EXERCISE MATERIAL
- - - - - - -
(* Let $\mathcal M$ be a Polish metric structure and $\mathcal N$ a countable approximating substructure of $\mathcal M$. For every open $U\subseteq\mathrm{Aut}(\mathcal M)$, the set $U\cap\mathrm{Aut}(\mathcal N)$ is open in $\mathrm{Aut}(\mathcal N)$.
   Context: A metric structure $\mathcal M$ is a complete bounded metric space $(M,d)$ with a family of uniformly continuous bounded predicates $P_i\colon M^{k_i}\to\mathbb R$ (including $d$) and uniformly continuous functions $f_j\colon M^{\ell_j}\to M$; it is Polish if $M$ is separable. Automorphisms are bijections preserving all predicates and functions; $\mathrm{Aut}(\mathcal M)$ carries the topology of pointwise convergence on $(M,d)$. A countable (classical) structure $\mathcal N$ is a countable approximating substructure of $\mathcal M$ if its universe $N$ is a countable dense subset of $(M,d)$, every automorphism of $\mathcal N$ extends to an automorphism of $\mathcal M$, and (via this extension) $\mathrm{Aut}(\mathcal N)$ is dense in $\mathrm{Aut}(\mathcal M)$. $\mathrm{Aut}(\mathcal N)$ carries the topology of pointwise convergence on the discrete set $N$, and is regarded as a subset of $\mathrm{Aut}(\mathcal M)$ via the extension. *)

theory Defs
  imports "HOL-Analysis.Analysis"
begin

definition tuples :: "'a set \<Rightarrow> nat \<Rightarrow> 'a list set" where
  "tuples M k = {xs. length xs = k \<and> set xs \<subseteq> M}"

definition ucont_on_tuples :: "'a::metric_space set \<Rightarrow> nat \<Rightarrow> ('a list \<Rightarrow> 'b::metric_space) \<Rightarrow> bool" where
  "ucont_on_tuples M k f \<longleftrightarrow>
     (\<forall>e>0. \<exists>d>0. \<forall>xs\<in>tuples M k. \<forall>ys\<in>tuples M k.
        (\<forall>i<k. dist (xs ! i) (ys ! i) < d) \<longrightarrow> dist (f xs) (f ys) < e)"

definition metric_structure ::
  "'a::metric_space set \<Rightarrow> ('i \<Rightarrow> nat) \<Rightarrow> ('i \<Rightarrow> 'a list \<Rightarrow> real)
    \<Rightarrow> ('j \<Rightarrow> nat) \<Rightarrow> ('j \<Rightarrow> 'a list \<Rightarrow> 'a) \<Rightarrow> bool" where
  "metric_structure M k P l F \<longleftrightarrow>
     complete M \<and> bounded M \<and>
     (\<forall>i. ucont_on_tuples M (k i) (P i) \<and> bounded (P i ` tuples M (k i))) \<and>
     (\<exists>i. k i = 2 \<and> (\<forall>x\<in>M. \<forall>y\<in>M. P i [x, y] = dist x y)) \<and>
     (\<forall>j. ucont_on_tuples M (l j) (F j) \<and> F j ` tuples M (l j) \<subseteq> M)"

definition polish_metric_structure ::
  "'a::metric_space set \<Rightarrow> ('i \<Rightarrow> nat) \<Rightarrow> ('i \<Rightarrow> 'a list \<Rightarrow> real)
    \<Rightarrow> ('j \<Rightarrow> nat) \<Rightarrow> ('j \<Rightarrow> 'a list \<Rightarrow> 'a) \<Rightarrow> bool" where
  "polish_metric_structure M k P l F \<longleftrightarrow>
     metric_structure M k P l F \<and> (\<exists>C. countable C \<and> C \<subseteq> M \<and> M \<subseteq> closure C)"

definition metric_aut ::
  "'a::metric_space set \<Rightarrow> ('i \<Rightarrow> nat) \<Rightarrow> ('i \<Rightarrow> 'a list \<Rightarrow> real)
    \<Rightarrow> ('j \<Rightarrow> nat) \<Rightarrow> ('j \<Rightarrow> 'a list \<Rightarrow> 'a) \<Rightarrow> ('a \<Rightarrow> 'a) set" where
  "metric_aut M k P l F =
     {g \<in> M \<rightarrow>\<^sub>E M. bij_betw g M M \<and>
        (\<forall>i. \<forall>xs\<in>tuples M (k i). P i (map g xs) = P i xs) \<and>
        (\<forall>j. \<forall>xs\<in>tuples M (l j). g (F j xs) = F j (map g xs))}"

definition metric_aut_top ::
  "'a::metric_space set \<Rightarrow> ('i \<Rightarrow> nat) \<Rightarrow> ('i \<Rightarrow> 'a list \<Rightarrow> real)
    \<Rightarrow> ('j \<Rightarrow> nat) \<Rightarrow> ('j \<Rightarrow> 'a list \<Rightarrow> 'a) \<Rightarrow> ('a \<Rightarrow> 'a) topology" where
  "metric_aut_top M k P l F =
     subtopology (product_topology (\<lambda>_. top_of_set M) M) (metric_aut M k P l F)"

text \<open>A classical structure on universe N: relations R r of arity ra r and
  functions G s of arity fa s (constants = 0-ary functions).\<close>
definition classical_structure ::
  "'a set \<Rightarrow> ('r \<Rightarrow> nat) \<Rightarrow> ('r \<Rightarrow> 'a list \<Rightarrow> bool)
    \<Rightarrow> ('s \<Rightarrow> nat) \<Rightarrow> ('s \<Rightarrow> 'a list \<Rightarrow> 'a) \<Rightarrow> bool" where
  "classical_structure N ra R fa G \<longleftrightarrow> (\<forall>s. G s ` tuples N (fa s) \<subseteq> N)"

definition struct_aut ::
  "'a set \<Rightarrow> ('r \<Rightarrow> nat) \<Rightarrow> ('r \<Rightarrow> 'a list \<Rightarrow> bool)
    \<Rightarrow> ('s \<Rightarrow> nat) \<Rightarrow> ('s \<Rightarrow> 'a list \<Rightarrow> 'a) \<Rightarrow> ('a \<Rightarrow> 'a) set" where
  "struct_aut N ra R fa G =
     {\<sigma> \<in> N \<rightarrow>\<^sub>E N. bij_betw \<sigma> N N \<and>
        (\<forall>r. \<forall>xs\<in>tuples N (ra r). R r (map \<sigma> xs) \<longleftrightarrow> R r xs) \<and>
        (\<forall>s. \<forall>xs\<in>tuples N (fa s). \<sigma> (G s xs) = G s (map \<sigma> xs))}"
- - - - - - -
TASK
Check each line of the listing for "definition". Show those that have it.

FINISHED TASK
definition tuples :: "'a set \<Rightarrow> nat \<Rightarrow> 'a list set" where
definition ucont_on_tuples :: "'a::metric_space set \<Rightarrow> nat \<Rightarrow> ('a list \<Rightarrow> 'b::metric_space) \<Rightarrow> bool" where
definition metric_structure ::
definition polish_metric_structure ::
definition metric_aut ::
definition metric_aut_top ::
definition classical_structure ::
definition struct_aut ::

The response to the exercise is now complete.